## About this task
Determine how many lines in the records below include the word "definition" and output that number alone.

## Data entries
(* Let $M\ge1$, $\beta>0$, $h\in\mathbb{R}$ with either $h\neq0$ or $\beta\le1$, and $\boldsymbol{\epsilon}\in\{-1,1\}^M$. Let $K\subset\mathbb{R}^M$ be compact and $F:K\times\{-1,1\}^M\to\mathbb{R}$ bounded. Then, as $N\to\infty$, $$\sup_{\mathbf{p}\in K}\Big|\frac1N\sum_{i=1}^N F(\mathbf{p},\mathbf{s}_i)-\langle F(\mathbf{p},\mathbf{s})\rangle_{\mathbf{s},\boldsymbol{\epsilon}}\Big|\longrightarrow0$$ in probability under $\mathcal{S}\sim P^{CW}_{\beta,h\boldsymbol{\epsilon}}$, i.e. for every $\varepsilon>0$ the $P^{CW}_{\beta,h\boldsymbol{\epsilon}}$-probability that this supremum exceeds $\varepsilon$ tends to $0$.
   Context: $\mathbf{s}_i:=(s^1_i,\dots,s^M_i)$ for $\mathcal{S}=(\mathbf{s}^1,\dots,\mathbf{s}^M)$, $\mathbf{s}^\mu\in\{-1,1\}^N$. $P^{CW}_{\beta,\mathbf{h}}(\mathcal{S})=\prod_{\mu=1}^M z_{\beta,h^\mu}^{-1}\exp\big(\frac{\beta}{N}\sum_{i<j}s^\mu_is^\mu_j+h^\mu\sum_is^\mu_i\big)$. $\langle\cdot\rangle_{\mathbf{s},\boldsymbol{\epsilon}}$ is expectation over $\mathbf{s}\in\{-1,1\}^M$ with independent entries of means $m_0(\beta,\epsilon^\mu h)$, where $m_0(\beta,h):=\operatorname{argmax}_{x}[\log2+\log\cosh(\beta x+h)-\beta x^2/2]$. *)

theory Defs
  imports "HOL-Analysis.Analysis"
begin

definition spin_configs :: "nat \<Rightarrow> (nat \<Rightarrow> real) set" where
  "spin_configs N = {s. (\<forall>i<N. s i \<in> {-1, 1}) \<and> (\<forall>i\<ge>N. s i = 0)}"

definition cw_weight :: "real \<Rightarrow> real \<Rightarrow> nat \<Rightarrow> (nat \<Rightarrow> real) \<Rightarrow> real" where
  "cw_weight \<beta> h N s =
     exp (\<beta> / real N * (\<Sum>i<N. \<Sum>j<N. if i < j then s i * s j else 0) + h * (\<Sum>i<N. s i))"

definition cw_Z :: "real \<Rightarrow> real \<Rightarrow> nat \<Rightarrow> real" where
  "cw_Z \<beta> h N = (\<Sum>s\<in>spin_configs N. cw_weight \<beta> h N s)"

text \<open>Configurations S = (s^1,...,s^M) of M copies, indexed by the finite type 'm (M = CARD('m)).\<close>
definition multi_configs :: "nat \<Rightarrow> ('m \<Rightarrow> nat \<Rightarrow> real) set" where
  "multi_configs N = {S. \<forall>\<mu>. S \<mu> \<in> spin_configs N}"

definition cw_prob :: "real \<Rightarrow> ('m \<Rightarrow> real) \<Rightarrow> nat \<Rightarrow> ('m \<Rightarrow> nat \<Rightarrow> real) \<Rightarrow> real" where
  "cw_prob \<beta> hv N S = (\<Prod>\<mu>\<in>UNIV. cw_weight \<beta> (hv \<mu>) N (S \<mu>) / cw_Z \<beta> (hv \<mu>) N)"

definition m0 :: "real \<Rightarrow> real \<Rightarrow> real" where
  "m0 \<beta> h = (THE x. \<forall>y. ln 2 + ln (cosh (\<beta> * y + h)) - \<beta> * y\<^sup>2 / 2
                         \<le> ln 2 + ln (cosh (\<beta> * x + h)) - \<beta> * x\<^sup>2 / 2)"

## Task output
6